Efendimiz hurmalara göz ucuyla şöyle bir bakar ve mütebessim yüzünde bir memnuniyetsizlik işareti dolaşır:
- Benim idare ettiğim halkım da şu anda böyle taze hurma yiyebiliyor mu?
- Hayır, derler, kimse taze hurma yemiyor. Henüz hurmalar olgunlaşmadı. Sadece bizim bahçede olgunlaştı, onu da ilk olarak size getirdik.
Kesin sözünü söyler:
- Götürün bu hurmaları, şu çocuklar yesin. Ben ümmetimin yemediğini yemem! Giymediğini de giymem! Halkının yemediğini yiyen, giymediğini giyen idarecilerden olmaktan Allah’a sığınırım...

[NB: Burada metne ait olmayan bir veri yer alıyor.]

lemma AE_zero_if_tail_integrals_zero:
  fixes h :: "real \<Rightarrow> real"
  assumes h: "set_integrable lebesgue {a<..<b} h"
    and tails: "\<And>x. a \<le> x \<Longrightarrow> x \<le> b \<Longrightarrow> (LINT t:{x<..<b}|lebesgue. h t) = 0"
  shows "AE t in lebesgue. t \<in> {a<..<b} \<longrightarrow> h t = 0"
proof -
  define k where "k t = indicator {a<..<b} t * h t" for t
  have "integrable lebesgue k" using h by (simp add: set_integrable_def k_def[abs_def])
  then obtain k' where k': "integrable lborel k'" "AE t in lebesgue. k t = k' t"
    and integral_k: "\<And>g. g \<in> borel_measurable borel \<Longrightarrow>
       integral\<^sup>L lebesgue (\<lambda>t. k t * g t) = integral\<^sup>L lborel (\<lambda>t. k' t * g t)"
    by (rule lebesgue_integrable_borel_representative) blast
  have "integral\<^sup>L lebesgue (\<lambda>t. k t * indicator {x<..} t) = 0" for x
  proof (cases "x < b")
    case True
    have "(\<lambda>t. k t * indicator {x<..} t) = (\<lambda>t. indicator {max a x<..<b} t *\<^sub>R h t)"
      by (auto simp: k_def indicator_def fun_eq_iff)
    then show ?thesis using tails[of "max a x"] True
      by (cases "a \<le> b") (auto simp: set_lebesgue_integral_def)
  next
    case False
    then have "(\<lambda>t. k t * indicator {x<..} t) = (\<lambda>t. 0)"
      by (auto simp: k_def indicator_def fun_eq_iff)
    then show ?thesis by simp
  qed
  then have "AE t in lborel. k' t = 0"
    using integral_k by (intro AE_zero_if_tail_integrals_zero_lborel k') auto
  then have "AE t in lebesgue. k' t = 0" by (rule AE_completion)
  with k'(2) show ?thesis by eventually_elim (auto simp: k_def indicator_def)
qed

Bu, O’ndan bir misal. Bir misal de O’nun halifesi Hazreti Ömer’den verelim. Bir iftar sofrasında soğuk bal şerbeti ikram edilir. Bardağı dudağına değdirmesiyle çekmesi bir olur:
- Bu ne?
Ürkek ve çekingen sesle cevap verirler:
- Bal şerbeti, sizin için özel olarak hazırlatmıştık:
Sert sesle sorar:
- Benim idare ettiğim halkım da şu anda böyle soğuk suyla yapılmış bal şerbeti içebiliyor mu?
Derler ki:
- Nerede?.. Onlar hele bir sıcak suyu bulsunlar!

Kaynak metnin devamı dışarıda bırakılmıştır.